## How to complete this task
Go through the records and copy each line where the string "definition" occurs.

## The input
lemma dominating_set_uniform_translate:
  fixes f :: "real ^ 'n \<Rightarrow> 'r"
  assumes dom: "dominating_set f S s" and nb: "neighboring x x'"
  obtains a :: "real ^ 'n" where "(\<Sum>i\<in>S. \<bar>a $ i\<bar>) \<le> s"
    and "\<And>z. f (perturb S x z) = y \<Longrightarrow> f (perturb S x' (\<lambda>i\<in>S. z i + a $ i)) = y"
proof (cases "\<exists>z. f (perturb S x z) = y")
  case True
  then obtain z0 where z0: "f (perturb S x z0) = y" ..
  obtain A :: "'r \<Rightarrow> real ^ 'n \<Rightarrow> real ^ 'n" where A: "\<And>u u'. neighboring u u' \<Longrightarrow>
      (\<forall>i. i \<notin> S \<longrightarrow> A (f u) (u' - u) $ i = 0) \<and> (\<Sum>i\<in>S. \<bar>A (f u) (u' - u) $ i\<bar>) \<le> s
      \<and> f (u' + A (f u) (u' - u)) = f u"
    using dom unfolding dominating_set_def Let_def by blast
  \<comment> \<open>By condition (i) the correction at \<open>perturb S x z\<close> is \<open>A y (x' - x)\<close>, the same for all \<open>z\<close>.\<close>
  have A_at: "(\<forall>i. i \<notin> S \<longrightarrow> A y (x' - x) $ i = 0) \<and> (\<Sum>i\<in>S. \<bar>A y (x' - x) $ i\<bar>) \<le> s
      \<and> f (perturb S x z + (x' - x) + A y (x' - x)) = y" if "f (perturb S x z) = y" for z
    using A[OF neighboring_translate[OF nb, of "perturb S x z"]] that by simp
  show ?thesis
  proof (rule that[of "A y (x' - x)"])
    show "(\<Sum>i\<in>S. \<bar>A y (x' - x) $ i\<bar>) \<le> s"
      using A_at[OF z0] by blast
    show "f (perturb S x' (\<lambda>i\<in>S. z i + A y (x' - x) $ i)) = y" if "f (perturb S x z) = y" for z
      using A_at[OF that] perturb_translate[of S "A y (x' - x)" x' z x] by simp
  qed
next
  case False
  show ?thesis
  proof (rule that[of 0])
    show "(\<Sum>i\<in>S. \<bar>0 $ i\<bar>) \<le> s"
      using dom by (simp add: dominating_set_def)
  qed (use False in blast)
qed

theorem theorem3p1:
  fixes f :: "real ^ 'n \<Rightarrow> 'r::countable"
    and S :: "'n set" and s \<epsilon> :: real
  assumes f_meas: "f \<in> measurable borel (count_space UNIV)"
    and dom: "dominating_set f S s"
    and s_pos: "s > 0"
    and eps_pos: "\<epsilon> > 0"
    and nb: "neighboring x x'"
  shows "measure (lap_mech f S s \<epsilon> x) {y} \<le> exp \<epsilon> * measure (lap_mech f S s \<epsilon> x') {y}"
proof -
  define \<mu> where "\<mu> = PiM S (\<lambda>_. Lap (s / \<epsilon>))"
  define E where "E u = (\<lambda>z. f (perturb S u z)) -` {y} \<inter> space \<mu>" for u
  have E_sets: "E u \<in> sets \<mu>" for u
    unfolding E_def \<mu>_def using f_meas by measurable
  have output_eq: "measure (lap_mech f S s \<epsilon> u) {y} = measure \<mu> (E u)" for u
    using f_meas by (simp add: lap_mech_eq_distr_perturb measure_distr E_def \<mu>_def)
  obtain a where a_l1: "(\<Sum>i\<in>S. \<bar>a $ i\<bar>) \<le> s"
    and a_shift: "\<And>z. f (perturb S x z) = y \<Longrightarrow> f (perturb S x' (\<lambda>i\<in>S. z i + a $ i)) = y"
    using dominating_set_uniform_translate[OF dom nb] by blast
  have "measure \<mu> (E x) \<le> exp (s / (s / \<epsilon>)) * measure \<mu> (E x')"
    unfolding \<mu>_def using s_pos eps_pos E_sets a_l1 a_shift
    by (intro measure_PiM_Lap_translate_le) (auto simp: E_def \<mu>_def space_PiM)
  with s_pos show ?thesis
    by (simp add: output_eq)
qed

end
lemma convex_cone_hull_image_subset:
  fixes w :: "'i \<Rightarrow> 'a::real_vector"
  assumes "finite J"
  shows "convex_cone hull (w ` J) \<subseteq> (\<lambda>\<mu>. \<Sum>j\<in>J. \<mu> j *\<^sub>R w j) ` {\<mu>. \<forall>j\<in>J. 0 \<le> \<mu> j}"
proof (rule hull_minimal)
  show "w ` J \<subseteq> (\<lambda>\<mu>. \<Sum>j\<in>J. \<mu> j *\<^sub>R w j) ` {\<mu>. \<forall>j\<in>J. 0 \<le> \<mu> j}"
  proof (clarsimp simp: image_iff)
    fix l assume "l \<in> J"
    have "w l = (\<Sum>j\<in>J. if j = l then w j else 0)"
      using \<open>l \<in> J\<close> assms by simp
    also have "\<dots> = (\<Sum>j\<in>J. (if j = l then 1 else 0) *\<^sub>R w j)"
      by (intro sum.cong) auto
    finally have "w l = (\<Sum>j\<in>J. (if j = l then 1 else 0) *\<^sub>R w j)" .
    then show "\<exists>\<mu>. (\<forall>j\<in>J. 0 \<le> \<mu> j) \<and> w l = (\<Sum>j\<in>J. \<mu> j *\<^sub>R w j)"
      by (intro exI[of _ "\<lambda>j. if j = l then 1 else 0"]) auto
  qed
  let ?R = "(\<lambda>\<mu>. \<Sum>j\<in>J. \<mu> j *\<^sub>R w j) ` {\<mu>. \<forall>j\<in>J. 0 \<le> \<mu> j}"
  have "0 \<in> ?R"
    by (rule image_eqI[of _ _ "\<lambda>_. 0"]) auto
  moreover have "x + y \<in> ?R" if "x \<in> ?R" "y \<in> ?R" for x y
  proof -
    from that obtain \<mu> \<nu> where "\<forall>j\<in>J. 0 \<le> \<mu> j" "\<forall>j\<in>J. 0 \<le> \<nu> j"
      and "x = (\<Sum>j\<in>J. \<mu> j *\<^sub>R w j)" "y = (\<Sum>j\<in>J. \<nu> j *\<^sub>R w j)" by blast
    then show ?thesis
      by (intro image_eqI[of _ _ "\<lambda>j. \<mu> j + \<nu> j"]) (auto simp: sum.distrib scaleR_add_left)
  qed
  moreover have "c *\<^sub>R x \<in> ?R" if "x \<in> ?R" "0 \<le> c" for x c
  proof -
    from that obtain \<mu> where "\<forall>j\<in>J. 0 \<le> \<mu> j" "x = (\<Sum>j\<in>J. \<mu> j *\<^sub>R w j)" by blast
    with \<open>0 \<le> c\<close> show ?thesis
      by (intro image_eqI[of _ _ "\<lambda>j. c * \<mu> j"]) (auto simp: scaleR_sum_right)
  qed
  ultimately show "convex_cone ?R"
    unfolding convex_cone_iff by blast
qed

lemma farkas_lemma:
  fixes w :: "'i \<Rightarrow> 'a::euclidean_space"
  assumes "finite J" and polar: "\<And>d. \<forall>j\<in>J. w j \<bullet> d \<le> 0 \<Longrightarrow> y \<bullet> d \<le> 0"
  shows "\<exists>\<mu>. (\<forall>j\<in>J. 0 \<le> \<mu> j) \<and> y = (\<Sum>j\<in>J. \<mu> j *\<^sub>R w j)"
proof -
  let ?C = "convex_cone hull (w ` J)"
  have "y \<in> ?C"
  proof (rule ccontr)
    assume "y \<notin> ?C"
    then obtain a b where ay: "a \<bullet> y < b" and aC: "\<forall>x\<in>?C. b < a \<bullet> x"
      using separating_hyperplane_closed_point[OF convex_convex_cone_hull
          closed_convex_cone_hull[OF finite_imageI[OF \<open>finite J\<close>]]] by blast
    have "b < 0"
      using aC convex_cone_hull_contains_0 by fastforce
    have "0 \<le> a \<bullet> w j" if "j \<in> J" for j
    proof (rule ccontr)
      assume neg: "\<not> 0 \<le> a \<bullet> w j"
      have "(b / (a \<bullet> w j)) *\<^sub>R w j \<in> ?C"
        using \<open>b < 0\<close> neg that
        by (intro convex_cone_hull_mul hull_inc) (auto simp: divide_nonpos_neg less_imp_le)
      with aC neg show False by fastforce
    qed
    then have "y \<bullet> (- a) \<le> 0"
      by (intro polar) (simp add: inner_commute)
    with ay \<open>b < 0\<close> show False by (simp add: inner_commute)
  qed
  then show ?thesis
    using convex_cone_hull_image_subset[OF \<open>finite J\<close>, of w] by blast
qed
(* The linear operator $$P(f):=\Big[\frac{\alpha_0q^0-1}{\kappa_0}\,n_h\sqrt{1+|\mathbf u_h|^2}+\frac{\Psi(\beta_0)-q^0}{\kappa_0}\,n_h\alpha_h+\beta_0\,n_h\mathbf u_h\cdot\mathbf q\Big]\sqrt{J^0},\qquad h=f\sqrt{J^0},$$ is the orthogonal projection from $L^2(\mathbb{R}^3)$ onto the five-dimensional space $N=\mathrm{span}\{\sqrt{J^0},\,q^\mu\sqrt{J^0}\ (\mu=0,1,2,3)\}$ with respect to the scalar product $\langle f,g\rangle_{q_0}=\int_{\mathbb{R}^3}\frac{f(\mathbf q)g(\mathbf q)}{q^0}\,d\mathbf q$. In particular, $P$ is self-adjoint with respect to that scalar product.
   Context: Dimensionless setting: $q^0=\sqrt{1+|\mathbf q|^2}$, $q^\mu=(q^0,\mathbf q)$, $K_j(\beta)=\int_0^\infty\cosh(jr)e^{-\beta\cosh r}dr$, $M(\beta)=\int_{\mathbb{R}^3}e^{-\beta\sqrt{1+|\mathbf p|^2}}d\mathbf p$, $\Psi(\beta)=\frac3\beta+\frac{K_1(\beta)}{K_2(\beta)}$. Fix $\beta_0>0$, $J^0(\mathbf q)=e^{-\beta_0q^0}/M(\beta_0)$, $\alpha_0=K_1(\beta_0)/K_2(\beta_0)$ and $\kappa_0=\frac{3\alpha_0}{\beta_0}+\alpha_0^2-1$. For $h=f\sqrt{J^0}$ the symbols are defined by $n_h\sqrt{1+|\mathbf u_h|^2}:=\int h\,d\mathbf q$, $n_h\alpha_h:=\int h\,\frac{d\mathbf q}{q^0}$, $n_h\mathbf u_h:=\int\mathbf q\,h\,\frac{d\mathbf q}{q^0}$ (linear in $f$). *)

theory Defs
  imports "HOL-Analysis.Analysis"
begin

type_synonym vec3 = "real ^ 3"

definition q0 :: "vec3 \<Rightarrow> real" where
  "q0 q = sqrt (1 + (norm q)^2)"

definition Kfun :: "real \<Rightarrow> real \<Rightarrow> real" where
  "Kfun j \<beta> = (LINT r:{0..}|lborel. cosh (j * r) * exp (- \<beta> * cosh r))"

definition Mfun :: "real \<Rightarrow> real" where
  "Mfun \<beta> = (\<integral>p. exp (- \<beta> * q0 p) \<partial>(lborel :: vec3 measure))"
* * *
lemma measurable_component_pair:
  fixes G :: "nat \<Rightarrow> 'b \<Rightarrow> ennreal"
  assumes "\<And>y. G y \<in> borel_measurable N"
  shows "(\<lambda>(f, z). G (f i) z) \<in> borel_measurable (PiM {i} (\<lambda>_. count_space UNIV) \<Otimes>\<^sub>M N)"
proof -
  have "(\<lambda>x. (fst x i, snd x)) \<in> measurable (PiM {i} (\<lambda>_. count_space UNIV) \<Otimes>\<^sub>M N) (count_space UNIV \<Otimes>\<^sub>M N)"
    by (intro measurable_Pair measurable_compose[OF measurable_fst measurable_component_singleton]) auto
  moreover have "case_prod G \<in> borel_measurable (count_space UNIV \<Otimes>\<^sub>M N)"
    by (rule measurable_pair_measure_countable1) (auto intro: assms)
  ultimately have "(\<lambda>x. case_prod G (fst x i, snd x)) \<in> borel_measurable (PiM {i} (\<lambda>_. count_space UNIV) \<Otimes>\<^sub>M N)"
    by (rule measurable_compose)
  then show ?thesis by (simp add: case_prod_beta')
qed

## Answer space
definition q0 :: "vec3 \<Rightarrow> real" where
definition Kfun :: "real \<Rightarrow> real \<Rightarrow> real" where
definition Mfun :: "real \<Rightarrow> real" where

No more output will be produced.